MAU BELAJAR. Jangan pernah merasa cukup dengan ilmu yang kita miliki. Anggap saja kita adalah musafir di padang tandus, yang selalu merasa haus.. haus dan haus.. (ih, perumpamaannya pas nggak, ya, )

Naah, ibu-ibu keren,
Yang pasti, mah, luruskan NIAT, mantapkan TEKAD dan kuatkan SEMANGAT.

Saya pribadi punya motto SEMANGAT BISMILLAH. Apapun yang saya lakukan harus atas nama Allah. InsyaAllah akan dikuatkan dan dimudahkan.
Satu lagi motto saya, “Fokus itu tak harus melulu pada satu titik. Tapi pada bagaimana menyusun titik sehingga membentuk garis.”

Salam,
Fitri Restiana

1⃣ apakah ada tips bagaimana agar cerita kita dimuat di media? -sara, IIP Kaltim-

Pertama, sebaiknya kita pelajari dulu medianya. Biasanya ada perbedaan sihnifikan antara media lokal dan nasional.
Kalau stressingnya ke media lokal, angkatlah cerita yang issuenya sedang hangat di daerah.
Dua, jangan pernah menunggu.
Artinya, tulis, kirim, tulis, kirim.. tapi tetap mengutamakan konten ya
Selain memperhatikan isi, tim redaksi juga terkadang mempertimbangkan kesungguhan dan kekonsisten an penulis.
Ketiga, untuk awal, coba fokus di satu atau dua media dulu.

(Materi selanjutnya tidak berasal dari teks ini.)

lemma Pk_pos_imp_mem: "x \<in> S \<Longrightarrow> Pk N wt p m x y > 0 \<Longrightarrow> y \<in> S"
proof (induction m arbitrary: x)
  case (Suc m)
  then show ?case by (metis Pk_Suc_pos_obtain maps_into)
qed (simp split: if_splits)

lemma accessible_step: "x \<in> S \<Longrightarrow> i < N \<Longrightarrow> accessible N wt p x (wt i x)"
proof -
  assume x: "x \<in> S" and i: "i < N"
  have "p i x * (if wt i x = wt i x then 1 else 0) \<le> (\<Sum>j<N. p j x * (if wt j x = wt i x then 1 else 0))"
    by (rule member_le_sum) (use x i prob_pos in \<open>auto intro: less_imp_le\<close>)
  then show ?thesis
    unfolding accessible_def using prob_pos[OF i x] by (intro exI[of _ "Suc 0"]) auto
qed

text \<open>Since \<open>Fk 0 = 0\<close>, \<open>hit_prob c n x\<close> is the probability of visiting \<open>c\<close> at one of the
  times \<open>1, \<dots>, n - 1\<close>; \<open>visit_prob\<close> also counts time \<open>0\<close>.\<close>
definition hit_prob :: "'a \<Rightarrow> nat \<Rightarrow> 'a \<Rightarrow> real" where
  "hit_prob c n x = (\<Sum>k<n. Fk N wt p k x c)"

definition visit_prob :: "'a \<Rightarrow> nat \<Rightarrow> 'a \<Rightarrow> real" where
  "visit_prob c n x = (if x = c then (if n = 0 then 0 else 1) else hit_prob c n x)"
(* Let $G$ be a graph with at least one vertex and $f:V(G)\to\{1,2,3,\dots\}$. Then $2\gamma_{gr}(G)=\gamma_{gr}^{\times 2}(G_f)$.
   Context: Graphs are finite, simple, undirected; $N[v]$ is the closed neighborhood. $G_f$ is the graph with vertex set $\bigcup_{v\in V(G)}\{v^1,\dots,v^{f(v)+1}\}$ in which $v^iu^j$ is an edge iff either $v=u$ and $i\neq j$, or $vu\in E(G)$ (i.e., each $v$ is replaced by $f(v)+1$ pairwise true twins). A sequence $(v_1,\dots,v_k)$ of distinct vertices is legal if $N[v_i]\setminus\bigcup_{j<i}N[v_j]\neq\emptyset$ for every $i\ge2$, and a dominating sequence if moreover its vertex set is dominating; $\gamma_{gr}(G)$ is the maximum length of a dominating sequence. A sequence $(v_1,\dots,v_k)$ of distinct vertices is a double neighborhood sequence if for each $i$ some $u\in N[v_i]$ satisfies $|\{j<i:u\in N[v_j]\}|\le1$, and a double dominating sequence if moreover every vertex $w$ has $|N[w]\cap\{v_1,\dots,v_k\}|\ge 2$; for a graph without isolated vertices $\gamma_{gr}^{\times 2}$ is the maximum length of a double dominating sequence. *)

theory Defs
  imports Main
begin

definition simple_graph :: "'a set \<Rightarrow> ('a \<Rightarrow> 'a \<Rightarrow> bool) \<Rightarrow> bool" where
  "simple_graph V E \<longleftrightarrow> finite V \<and> (\<forall>u v. E u v \<longrightarrow> u \<in> V \<and> v \<in> V)
     \<and> (\<forall>u v. E u v \<longrightarrow> E v u) \<and> (\<forall>v. \<not> E v v)"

Sara : Media lokal sm nasional ngaruh g sih mb, mana yg lbh gampang "ditembus"?
Fitri : Jadi begini. Tingkat seleksi di koran nasional luar biasa ketatnya.
Sementara, koran lokal tidak sampai segitu. Satu hari bisa ratusan email yang masuk. Koran lokal, walaupun tetap berusaha objektif, tetap mempertimbangkan kearifan lokal dengan mendahulukan penulis dari daerahnya. Ini tentu memberi peluang yang sangat baik bagi penulis2 baru

2⃣cerita untuk anak usia 10 tahun ke atas yang ditulis oleh orang dewasa dan penulis kecil seperti buku2 yg diterbitkan KKPK (kecil-kecil punya karya), mana yg lebih dilirik oleh anak2? -sara, IIP Kaltim-

Hmmmm... tergantung kontennya mbak. KKPK biasanya memunculkan cerita dengan banyak dialog ala anak2...Saya pribadi sangat kagum dengan mereka..Hanya butuh sedikit polesan agar tulisan anak2 hebat itu bisa lebih cetar. Semisal memunculkan narasi yang agak detail walau tak harus panjanh
Kalau orang dewasa yang menulis buku dengan segmen 10 tahun ke atas, biasanya mereka lebih matang dan seru. Mungkin karena pengalaman saja...Intinya, balik lagi ke konten dan selera yang bervariasi. Anak laki2 saya yang berusia 12 thn lebih kagum ke cerita2 petualangan yang ditulis oleh orang dewasa, semisal ulyses moore.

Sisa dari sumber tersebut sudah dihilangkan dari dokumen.